Thanks for the troubleshooting.
Comment 6 leigh scott 2017-05-15 11:06:35 CEST
Fix released
Comment 7 Steve 2017-05-20 22:56:58 CEST
What was the fix?  My akmod-nvidia still won't build with kernel 4.10.15-100.  I get the following error:

/tmp/akmodsbuild.ck7ghHEr/BUILD/nvidia-kmod-375.39/_kmod_build_4.10.15-100.fc24.i686+PAE/common/inc/nv-mm.h: In function 'nv_page_fault_va':
/tmp/akmodsbuild.ck7ghHEr/BUILD/nvidia-kmod-375.39/_kmod_build_4.10.15-100.fc24.i686+PAE/common/inc/nv-mm.h:142:46: error: 'struct vm_fault' has no member named 'virtual_address' 
         return (unsigned long)(uintptr_t)(vmf->virtual_address);
                                              ^~

I tried to build nvidia-kmod myself, but it only builds kmod-nvidia-375.39-2.fc24.i686.rpm, not the kmod-nvidia-4.10.15-100.fc24.i686+PAE-375.39-2.fc24.i686 that I presumably need, and I have no idea why.
Comment 8 Steve 2017-05-20 23:11:48 CEST
Created attachment 1781 [details]
Patch for kmod-nvidia package

OK, I had to change buildforkernels in nvidia-kmod.spec to "newest" and now I can build.

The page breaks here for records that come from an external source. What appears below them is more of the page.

(* Let $X$ be a nonempty set and $\rho:X\times X\to[0,\infty)$ satisfy: (I) $\rho(x,y)=0$ iff $x=y$; (II) $\rho(x,y)=\rho(y,x)$; (VI) for every $a\in X$ and $\varepsilon>0$ there exists $\phi(a,\varepsilon)>0$ such that for all $b,c\in X$, if $\rho(a,b)<\phi(a,\varepsilon)$ and $\rho(c,b)<\phi(a,\varepsilon)$ then $\rho(a,c)<\varepsilon$. Then $(X,\rho)$ is metrizable, i.e. there is a metric $d$ on $X$ such that for every sequence $\{x_n\}$ and $x\in X$, $\lim_n\rho(x_n,x)=0$ iff $\lim_n d(x_n,x)=0$.
   Context: Condition (VI) is equivalent to: (coherence) if $\lim_n\rho(a,a_n)=0$ and $\lim_n\rho(a_n,b_n)=0$ then $\lim_n\rho(a,b_n)=0$; and also to Wilson's condition: for each $a\in X$ and $k>0$ there is $r>0$ such that whenever $\rho(a,b)\ge k$ and $c\in X$ is arbitrary, $\rho(a,c)+\rho(b,c)\ge r$. *)

theory Defs
  imports "HOL-Analysis.Analysis"
begin

definition is_metric_on :: "'a set \<Rightarrow> ('a \<Rightarrow> 'a \<Rightarrow> real) \<Rightarrow> bool" where
  "is_metric_on X d \<longleftrightarrow>
     (\<forall>x\<in>X. \<forall>y\<in>X. d x y \<ge> 0) \<and>
     (\<forall>x\<in>X. \<forall>y\<in>X. d x y = 0 \<longleftrightarrow> x = y) \<and>
     (\<forall>x\<in>X. \<forall>y\<in>X. d x y = d y x) \<and>
     (\<forall>x\<in>X. \<forall>y\<in>X. \<forall>z\<in>X. d x z \<le> d x y + d y z)"

end

theory Submission
  imports Defs
begin

text \<open>
  The sets \<open>{y. \<rho> x y < r}\<close> generate a topology in which \<open>\<rho>\<close>-convergence is exactly
  topological convergence; condition (VI) makes it a regular \<open>T\<^sub>1\<close> space. Fix a well-order of
  the points and send every point \<open>c\<close> to the least centre \<open>s\<close> whose open \<open>2\<^sup>-\<^sup>k\<close>-ball contains it.
  For fixed \<open>k, n\<close>, the unions, over all \<open>c\<close> with the same centre, of open \<open>2\<^sup>-\<^sup>n\<close>-balls
  around \<open>c\<close> (for those \<open>c\<close> whose four-step \<open>2\<^sup>-\<^sup>n\<close>-chains stay in the centre's ball) form a
  locally finite family, and together these families are a base. As in the Nagata--Smirnov
  theorem, a regular space with a \<open>\<sigma>\<close>-locally finite base is normal, and the Urysohn functions
  of pairs of base members yield countably many bounded pseudometrics whose weighted sum is a
  metric with the same convergent sequences.
\<close>

section \<open>A metric from a \<open>\<sigma>\<close>-locally finite base\<close>

locale sigma_locally_finite_base =
  fixes T :: "'a topology" and \<B> :: "nat \<Rightarrow> 'a set set"
  assumes t1: "t1_space T"
    and regular: "regular_space T"
    and openin_base: "\<And>j W. W \<in> \<B> j \<Longrightarrow> openin T W"
    and locally_finite_base: "\<And>j. locally_finite_in T (\<B> j)"
    and base: "\<And>W x. openin T W \<Longrightarrow> x \<in> W \<Longrightarrow> \<exists>j B. B \<in> \<B> j \<and> x \<in> B \<and> B \<subseteq> W"
begin

lemma base_closure_disjoint:
  assumes "closedin T C" "x \<in> topspace T - C"
  obtains j B where "B \<in> \<B> j" "x \<in> B" "disjnt C (T closure_of B)"
proof -
  obtain U where U: "openin T U" "x \<in> U" "disjnt C (T closure_of U)"
    using regular assms unfolding regular_space by blast
  obtain j B where B: "B \<in> \<B> j" "x \<in> B" "B \<subseteq> U"
    using base[OF U(1,2)] by blast
  have "disjnt C (T closure_of B)"
    using U(3) closure_of_mono[OF B(3)] by (meson disjnt_subset2)
  with B that show thesis by blast
qed

lemma closed_countable_open_cover:
  assumes "closedin T S" "closedin T C" "disjnt S C"
  obtains h :: "nat \<Rightarrow> 'a set" where
    "\<And>n. openin T (h n)" "\<And>n. disjnt C (T closure_of h n)" "S \<subseteq> (\<Union>n. h n)"
proof
  define \<F> where "\<F> n = {W \<in> \<B> n. disjnt C (T closure_of W)}" for n
  show "openin T (\<Union>(\<F> n))" for n
    unfolding \<F>_def by (auto intro: openin_base)
  show "disjnt C (T closure_of \<Union>(\<F> n))" for n
  proof -
    have "locally_finite_in T (\<F> n)"
      by (rule locally_finite_in_subset[OF locally_finite_base]) (auto simp: \<F>_def)
    then show ?thesis
      by (auto simp: closure_of_locally_finite_Union \<F>_def disjnt_def)
  qed
  show "S \<subseteq> (\<Union>n. \<Union>(\<F> n))"
  proof
    fix x assume "x \<in> S"
    then have "x \<in> topspace T - C"
      using assms closedin_subset[OF assms(1)] by (auto simp: disjnt_def)
    then obtain j B where "B \<in> \<B> j" "x \<in> B" "disjnt C (T closure_of B)"
      using base_closure_disjoint[OF assms(2)] by blast
    then show "x \<in> (\<Union>n. \<Union>(\<F> n))" unfolding \<F>_def by blast
  qed
qed

lemma normal: "normal_space T"
  unfolding normal_space_def
proof clarify
  fix S C
  assume clo: "closedin T S" "closedin T C" and "disjnt S C"
  obtain h :: "nat \<Rightarrow> 'a set" where
    open_h: "\<And>n. openin T (h n)" and disjnt_h: "\<And>n. disjnt C (T closure_of (h n))"
    and S_h: "S \<subseteq> (\<Union>n. h n)"
    using closed_countable_open_cover[OF clo \<open>disjnt S C\<close>] by metis
  obtain k :: "nat \<Rightarrow> 'a set" where
    open_k: "\<And>n. openin T (k n)" and disjnt_k: "\<And>n. disjnt S (T closure_of (k n))"
    and C_k: "C \<subseteq> (\<Union>n. k n)"
    using closed_countable_open_cover[OF clo(2,1)] \<open>disjnt S C\<close> disjnt_sym by metis
  define U where "U \<equiv> \<Union>i. h i - (\<Union>j<i. T closure_of k j)"
  define V where "V \<equiv> \<Union>i. k i - (\<Union>j\<le>i. T closure_of h j)"
  show "\<exists>U V. openin T U \<and> openin T V \<and> S \<subseteq> U \<and> C \<subseteq> V \<and> disjnt U V"
  proof (intro exI conjI)
    show "openin T U" "openin T V"
      unfolding U_def V_def
      by (force intro!: open_k open_h closedin_Union closedin_closure_of)+
    show "S \<subseteq> U" "C \<subseteq> V"
      using S_h C_k disjnt_h disjnt_k by (fastforce simp: U_def V_def disjnt_iff)+
    have "\<And>x i j. \<lbrakk>x \<in> k i; x \<in> h j; \<forall>j\<le>i. x \<notin> T closure_of h j\<rbrakk>
                 \<Longrightarrow> \<exists>i<j. x \<in> T closure_of k i"
      by (metis in_closure_of linorder_not_less open_k openin_subset subsetD)
    then show "disjnt U V"
      by (force simp: U_def V_def disjnt_iff)
  qed
qed

definition core :: "nat \<Rightarrow> 'a set \<Rightarrow> 'a set" where
  "core m W = (\<Union>B\<in>{B \<in> \<B> m. T closure_of B \<subseteq> W}. T closure_of B)"

lemma closedin_core: "closedin T (core m W)"
  unfolding core_def
  by (rule closedin_Union_locally_finite_closure,
      rule locally_finite_in_subset[OF locally_finite_base]) auto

"virtual_address" was renamed to "address" in struct vm_fault recently.  See https://github.com/01org/linux-sgx-driver/pull/19 for another package that had to deal with this.

The enclosed patch got kmod-nvidia to build in 4.10.15, and I'm running the driver now.
Comment 9 leigh scott 2017-05-21 09:29:03 CEST
Created attachment 1782 [details]
build log

(In reply to Steve from comment #8)
> Created attachment 1781 [details]
> Patch for kmod-nvidia package
 
> The enclosed patch got kmod-nvidia to build in 4.10.15, and I'm running the
> driver now.

It compiles fine here without the need for any additional patching, I have bumped f24 packages to  version 375.66
If that fails as well you will need to report the issue to nvidia as i686 shouldn't fail.